» **ACTIVITY**
The required answer is a copy of each line in the entries below that includes "times".

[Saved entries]
■ ■ ■
lemma tens2_eval:
  assumes "tensor_eq smul (tens2 P) (tens2 Q)" "balanced2 smul G"
  shows "(\<Sum>(x, y)\<leftarrow>P. G x y) = (\<Sum>(x, y)\<leftarrow>Q. G x y)"
proof -
  have "sum_list (map (eval2 G) (tens2 R)) = (\<Sum>(x, y)\<leftarrow>R. G x y)" for R
    by (induction R) (auto simp: tens2_def eval2_def)
  then show ?thesis
    using tensor_eq_eval[OF assms(1) tensor_balanced_eval2[OF assms(2)]] by simp
qed

lemma mset_concat_map_transpose:
  "mset (concat (map (\<lambda>p. map (g p) B) P)) = mset (concat (map (\<lambda>i. map (\<lambda>p. g p i) P) B))"
proof (induction P)
  case Nil
  then show ?case by (induction B) auto
next
  case (Cons p P)
  have "mset (concat (map (\<lambda>i. g p i # h i) B)) = mset (map (g p) B) + mset (concat (map h B))" for h
    by (induction B) (simp_all add: ac_simps)
  then show ?case using Cons.IH by simp
qed

lemma tens2_expand_coordinates:
  assumes coord: "\<And>a. a = (\<Sum>(x, y)\<leftarrow>B. smul (\<psi> x a) y)"
  shows "tensor_eq smul (tens2 P) (map (\<lambda>(x, y). [\<Sum>(p, q)\<leftarrow>P. smul (\<psi> x q) p, y]) B)"
proof -
  let ?g = "\<lambda>(p, q) (x, y). [smul (\<psi> x q) p, y]"
  have pure: "tensor_eq smul [[p, q]] (map (?g (p, q)) B)" for p q
  proof -
    have "[[p, q]] = [[p] @ [\<Sum>(x, y)\<leftarrow>B. smul (\<psi> x q) y] @ []]"
      using coord[of q] by simp
    also have "tensor_eq smul \<dots> (map (\<lambda>z. [p] @ [z] @ []) (map (\<lambda>(x, y). smul (\<psi> x q) y) B))"
      by (rule tensor_eq_sum_list)
    also have "\<dots> = map (\<lambda>(x, y). [] @ [p, smul (\<psi> x q) y] @ []) B"
      by (induction B) auto
    also have "tensor_eq smul \<dots> (map (?g (p, q)) B)"
      by (rule tensor_eq_map) (auto intro: tensor_eq_sym tensor_eq_scalar[of smul "[]", simplified])
    finally show ?thesis .
  qed
  have "tens2 P = concat (map (\<lambda>(p, q). [[p, q]]) P)"
    by (induction P) (auto simp: tens2_def)
  also have "tensor_eq smul \<dots> (concat (map (\<lambda>pq. map (?g pq) B) P))"
    by (rule tensor_eq_concat_map) (auto simp: pure[simplified])
  also have "tensor_eq smul \<dots> (concat (map (\<lambda>i. map (\<lambda>pq. ?g pq i) P) B))"
    by (rule tensor_eq_mset) (rule mset_concat_map_transpose)
  also have "tensor_eq smul \<dots> (concat (map (\<lambda>i. [case i of (x, y) \<Rightarrow> [\<Sum>(p, q)\<leftarrow>P. smul (\<psi> x q) p, y]]) B))"
  proof (rule tensor_eq_concat_map)
    fix i assume "i \<in> set B"
    obtain x y where i: "i = (x, y)" by (cases i)
    show "tensor_eq smul (map (\<lambda>pq. ?g pq i) P) [case i of (x, y) \<Rightarrow> [\<Sum>(p, q)\<leftarrow>P. smul (\<psi> x q) p, y]]"
      using tensor_eq_sym[OF tensor_eq_sum_list[of smul "[]" "map (\<lambda>(p, q). smul (\<psi> x q) p) P" "[y]"]]
      by (simp add: i case_prod_beta comp_def)
  qed
  finally show ?thesis by (simp only: concat_map_singleton)
qed

lemma tens2_eq_by_coordinates:
  assumes "\<And>a. a = (\<Sum>(x, y)\<leftarrow>B. smul (\<psi> x a) y)"
    and "\<And>x y. (x, y) \<in> set B \<Longrightarrow> (\<Sum>(p, q)\<leftarrow>P. smul (\<psi> x q) p) = (\<Sum>(p, q)\<leftarrow>Q. smul (\<psi> x q) p)"
  shows "tensor_eq smul (tens2 P) (tens2 Q)"
proof -
  have eq: "map (\<lambda>(x, y). [\<Sum>(p, q)\<leftarrow>P. smul (\<psi> x q) p, y]) B =
      map (\<lambda>(x, y). [\<Sum>(p, q)\<leftarrow>Q. smul (\<psi> x q) p, y]) B"
    using assms(2) by auto
  show ?thesis
    using tensor_eq_trans[OF tens2_expand_coordinates[OF assms(1), of P, unfolded eq]
        tensor_eq_sym[OF tens2_expand_coordinates[OF assms(1), of Q]]] .
qed

lemma additive_sum_pairs:
  fixes g :: "'a::ab_group_add \<Rightarrow> 'b::ab_group_add"
  assumes "\<And>x y. g (x + y) = g x + g y"
  shows "g (\<Sum>(x, y)\<leftarrow>P. h x y) = (\<Sum>(x, y)\<leftarrow>P. g (h x y))"
proof -
  have "g 0 = 0"
    using assms[of 0 0] by simp
  then show ?thesis
    by (induction P) (auto simp: assms)
qed

lemma sum_pairs_mult_left: "(a::'a::ring_1) * (\<Sum>(x, y)\<leftarrow>P. h x y) = (\<Sum>(x, y)\<leftarrow>P. a * h x y)"
  by (rule additive_sum_pairs) (simp add: distrib_left)

lemma sum_pairs_mult_right: "(\<Sum>(x, y)\<leftarrow>P. h x y) * (a::'a::ring_1) = (\<Sum>(x, y)\<leftarrow>P. h x y * a)"
  by (rule additive_sum_pairs[where g = "\<lambda>x. x * a"]) (simp add: distrib_right)

lemma sum_pairs_cong:
  "(\<And>x y. (x, y) \<in> set P \<Longrightarrow> h x y = h' x y) \<Longrightarrow> (\<Sum>(x, y)\<leftarrow>P. h x y) = (\<Sum>(x, y)\<leftarrow>P. h' x y)"
  by (rule arg_cong[where f = sum_list], rule map_cong) auto

lemma sum_pairs_swap:
  "(\<Sum>(p, q)\<leftarrow>A. \<Sum>(x, y)\<leftarrow>B. h p q x y) = (\<Sum>(x, y)\<leftarrow>B. \<Sum>(p, q)\<leftarrow>A. (h p q x y :: 'a::comm_monoid_add))"
  by (induction A) (auto simp: sum_list_addf case_prod_beta)

lemma sum_list_map_concat: "sum_list (map F (concat xss)) = (\<Sum>xs\<leftarrow>xss. sum_list (map F xs))"
  by (induction xss) auto

lemma dual_elem_add: "dual_elem smul g \<Longrightarrow> g (x + y) = g x + g y"
  by (simp add: dual_elem_def module_hom.add)

lemma dual_elem_scale: "dual_elem smul g \<Longrightarrow> g (smul c x) = c * g x"
  by (simp add: dual_elem_def module_hom.scale)

lemma dual_elem_sum_pairs: "dual_elem smul g \<Longrightarrow> g (\<Sum>(x, y)\<leftarrow>P. h x y) = (\<Sum>(x, y)\<leftarrow>P. g (h x y))"
  by (rule additive_sum_pairs) (rule dual_elem_add)

lemma module_hom_sum_pairs:
  "module_hom s1 s2 S \<Longrightarrow> S (\<Sum>(x, y)\<leftarrow>P. h x y) = (\<Sum>(x, y)\<leftarrow>P. S (h x y))"
  by (rule additive_sum_pairs) (rule module_hom.add)

lemma fg_projective_dual_ext:
  fixes smul :: "'k::comm_ring_1 \<Rightarrow> 'h::ab_group_add \<Rightarrow> 'h"
  assumes "fg_projective smul" and "\<And>\<phi>. dual_elem smul \<phi> \<Longrightarrow> \<phi> x = \<phi> y"
  shows "x = y"
proof -
  obtain es :: "('h \<times> ('h \<Rightarrow> 'k)) list" where
    dual: "\<forall>(e, \<phi>) \<in> set es. dual_elem smul \<phi>" and
    basis: "\<And>a. a = (\<Sum>(e, \<phi>)\<leftarrow>es. smul (\<phi> a) e)"
    using assms(1) unfolding fg_projective_def by blast
  have "x = (\<Sum>(e, \<phi>)\<leftarrow>es. smul (\<phi> x) e)" by (rule basis)
  also have "\<dots> = (\<Sum>(e, \<phi>)\<leftarrow>es. smul (\<phi> y) e)"
    using dual by (intro sum_pairs_cong) (auto simp: assms(2))
  also have "\<dots> = y" by (rule basis[symmetric])
  finally show ?thesis .
qed

definition grouplike ::
  "('k::comm_ring_1 \<Rightarrow> 'h::ring_1 \<Rightarrow> 'h) \<Rightarrow> ('h \<Rightarrow> ('h \<times> 'h) list) \<Rightarrow> ('h \<Rightarrow> 'k) \<Rightarrow> 'h \<Rightarrow> bool" where
  "grouplike smul comult eps g \<longleftrightarrow> tensor_eq smul (tens2 (comult g)) [[g, g]] \<and> eps g = 1"

locale k_bialgebra =
  fixes smul :: "'k::comm_ring_1 \<Rightarrow> 'h::ring_1 \<Rightarrow> 'h"
    and comult :: "'h \<Rightarrow> ('h \<times> 'h) list"
    and eps :: "'h \<Rightarrow> 'k"
  assumes bialgebra: "bialgebra smul comult eps"
begin

sublocale module smul
  using bialgebra by (simp add: bialgebra_def)

lemma smul_mult_left: "smul c a * b = smul c (a * b)"
  using bialgebra unfolding bialgebra_def by metis

lemma smul_mult_right: "a * smul c b = smul c (a * b)"
  using bialgebra unfolding bialgebra_def by metis

lemma dual_elem_eps: "dual_elem smul eps"
  using bialgebra by (simp add: bialgebra_def)

lemma eps_mult: "eps (a * b) = eps a * eps b"
  using bialgebra by (simp add: bialgebra_def)

lemma eps_one: "eps 1 = 1"
  using bialgebra by (simp add: bialgebra_def)

lemma counit_left: "(\<Sum>(x, y)\<leftarrow>comult a. smul (eps x) y) = a"
  using bialgebra by (simp add: bialgebra_def)

lemma counit_right: "(\<Sum>(x, y)\<leftarrow>comult a. smul (eps y) x) = a"
  using bialgebra by (simp add: bialgebra_def)

lemma smul_sum_pairs: "smul c (\<Sum>(x, y)\<leftarrow>P. h x y) = (\<Sum>(x, y)\<leftarrow>P. smul c (h x y))"
  by (rule additive_sum_pairs) (rule scale_right_distrib)
lemma power_power_commute: "((x::'a::monoid_mult) ^ m) ^ n = (x ^ n) ^ m"
  by (simp add: mult.commute flip: power_mult)

lemma power_int_power_commute: "((x::'a::division_ring) powi m) ^ n = (x ^ n) powi m"
  by (simp add: power_int_power power_int_power' mult.commute)

lemma power_int_power_eq_if_power_eq:
  fixes x :: "'a::division_ring"
  assumes "x ^ n = x"
  shows "(x powi m) ^ n = x powi m"
  by (simp add: power_int_power_commute assms)

lemma prod_power_eq_one:
  assumes "\<And>x. x \<in> A \<Longrightarrow> f x ^ n = 1"
  shows "prod f A ^ n = (1::'a::comm_semiring_1)"
  unfolding prod_power_distrib by (rule prod.neutral) (simp add: assms)

lemma int_div_gcd_dvd:
  fixes a b :: nat and x :: int
  assumes "int a dvd int b * x" and "a \<noteq> 0"
  shows "int (a div gcd a b) dvd x"
proof -
  define g where "g = gcd a b"
  have "g > 0" using assms(2) by (simp add: g_def)
  have "int g * int (a div g) dvd int g * (int (b div g) * x)"
    using assms(1) by (simp add: g_def flip: mult.assoc of_nat_mult)
  hence "int (a div g) dvd int (b div g) * x" using \<open>g > 0\<close> by simp
  moreover have "coprime (int (a div g)) (int (b div g))"
    using div_gcd_coprime[of a b] assms(2) by (simp add: g_def)
  ultimately show ?thesis by (simp add: g_def coprime_dvd_mult_right_iff)
qed

lemma dvd_if_dvd_double_odd_part:
  fixes a b :: nat
  assumes "a = 2 ^ l * c" and "odd c" and "2 ^ l dvd b" and "a dvd 2 * b"
  shows "a dvd b"
proof -
  have "c dvd 2 * b" using assms(1,4) dvd_mult_right by blast
  hence "c dvd b" using assms(2) by (simp add: coprime_dvd_mult_right_iff)
  thus ?thesis using assms(1-3) by (simp add: divides_mult)
qed

section \<open>Products over the roots of \<open>X ^ f - a\<close>\<close>

lemma prod_linear_factors_roots_of_power_sub:
  fixes C :: "'a::field set"
  assumes "finite C" and "card C = f" and "f > 0" and "\<forall>c\<in>C. c ^ f = a"
  shows "(\<Prod>c\<in>C. [:-c, 1:]) = [:0, 1:] ^ f - [:a:]"
proof (rule poly_eqI_degree_lead_coeff[of _ f _ C])
  have degree: "degree (\<Prod>c\<in>C. [:-c, 1:]) = f"
    using degree_prod_eq_sum_degree[of C "\<lambda>c. [:-c, 1:]"] assms(2) by simp
  moreover have "lead_coeff (\<Prod>c\<in>C. [:-c, 1:]) = 1" by (simp add: lead_coeff_prod)
  ultimately show "poly.coeff (\<Prod>c\<in>C. [:-c, 1:]) f = poly.coeff ([:0, 1:] ^ f - [:a:]) f"
    using assms(3) coeff_linear_power[of "0::'a" f] by (cases f) auto
  show "degree (\<Prod>c\<in>C. [:-c, 1:]) \<le> f" using degree by simp
  show "degree ([:0, 1:] ^ f - [:a:]) \<le> f"
    by (intro degree_diff_le) (auto intro: order.trans[OF degree_power_le])
  show "card C \<ge> f" using assms(2) by simp
  fix z assume "z \<in> C"
  thus "poly (\<Prod>c\<in>C. [:-c, 1:]) z = poly ([:0, 1:] ^ f - [:a:]) z"
    using assms(1,4) by (simp add: poly_prod poly_power)
qed

lemma prod_sub_roots_of_power_sub:
  fixes C :: "'a::field set"
  assumes "finite C" and "card C = f" and "f > 0" and "\<forall>c\<in>C. c ^ f = a"
  shows "(\<Prod>c\<in>C. x - c) = x ^ f - a"
  using arg_cong[OF prod_linear_factors_roots_of_power_sub[OF assms], of "\<lambda>p. poly p x"]
  by (simp add: poly_prod poly_power)

text \<open>Dividing \<open>X ^ f - b ^ f\<close> by \<open>X - b\<close> leaves \<open>\<Sum>k<f. b ^ (f - 1 - k) X ^ k\<close>, whose value
  at \<open>b\<close> is \<open>f b ^ (f - 1)\<close>.\<close>
lemma prod_sub_other_roots_of_power_sub:
  fixes C :: "'a::field set"
  assumes "finite C" and "card C = f" and "f > 0" and "\<forall>c\<in>C. c ^ f = a" and "b \<in> C"
  shows "(\<Prod>c\<in>C - {b}. b - c) = of_nat f * b ^ (f - 1)"
proof -
  define Q where "Q = (\<Sum>k<f. [:b:] ^ (f - Suc k) * [:0, 1::'a:] ^ k)"
  have "[:-b, 1:] * (\<Prod>c\<in>C - {b}. [:-c, 1:]) = (\<Prod>c\<in>C. [:-c, 1:])"
    by (rule prod.remove[OF assms(1,5), symmetric])
  also have "\<dots> = [:0, 1:] ^ f - [:b:] ^ f"
    using prod_linear_factors_roots_of_power_sub[OF assms(1-4)] assms(4,5) by (simp add: poly_const_pow)
  also have "\<dots> = [:-b, 1:] * Q"
    unfolding Q_def using power_diff_sumr2[of "[:0, 1::'a:]" f "[:b:]"] by simp
  finally have Q: "(\<Prod>c\<in>C - {b}. [:-c, 1:]) = Q" by (subst (asm) mult_cancel_left) simp
  have "(\<Prod>c\<in>C - {b}. b - c) = poly (\<Prod>c\<in>C - {b}. [:-c, 1:]) b" by (simp add: poly_prod)
  also have "\<dots> = poly Q b" by (simp only: Q)
  also have "\<dots> = (\<Sum>k<f. b ^ (f - 1))"
    unfolding Q_def poly_sum by (intro sum.cong) (auto simp: poly_power simp flip: power_add)
  finally show ?thesis by simp
qed

lemma LS_nonzero: "finite S \<Longrightarrow> LS S b \<noteq> 0"
  by (simp add: LS_def)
■ ■ ■
» **RESPONSE TO THIS TASK**
  obtain es :: "('h \<times> ('h \<Rightarrow> 'k)) list" where
  "('k::comm_ring_1 \<Rightarrow> 'h::ring_1 \<Rightarrow> 'h) \<Rightarrow> ('h \<Rightarrow> ('h \<times> 'h) list) \<Rightarrow> ('h \<Rightarrow> 'k) \<Rightarrow> 'h \<Rightarrow> bool" where
    and comult :: "'h \<Rightarrow> ('h \<times> 'h) list"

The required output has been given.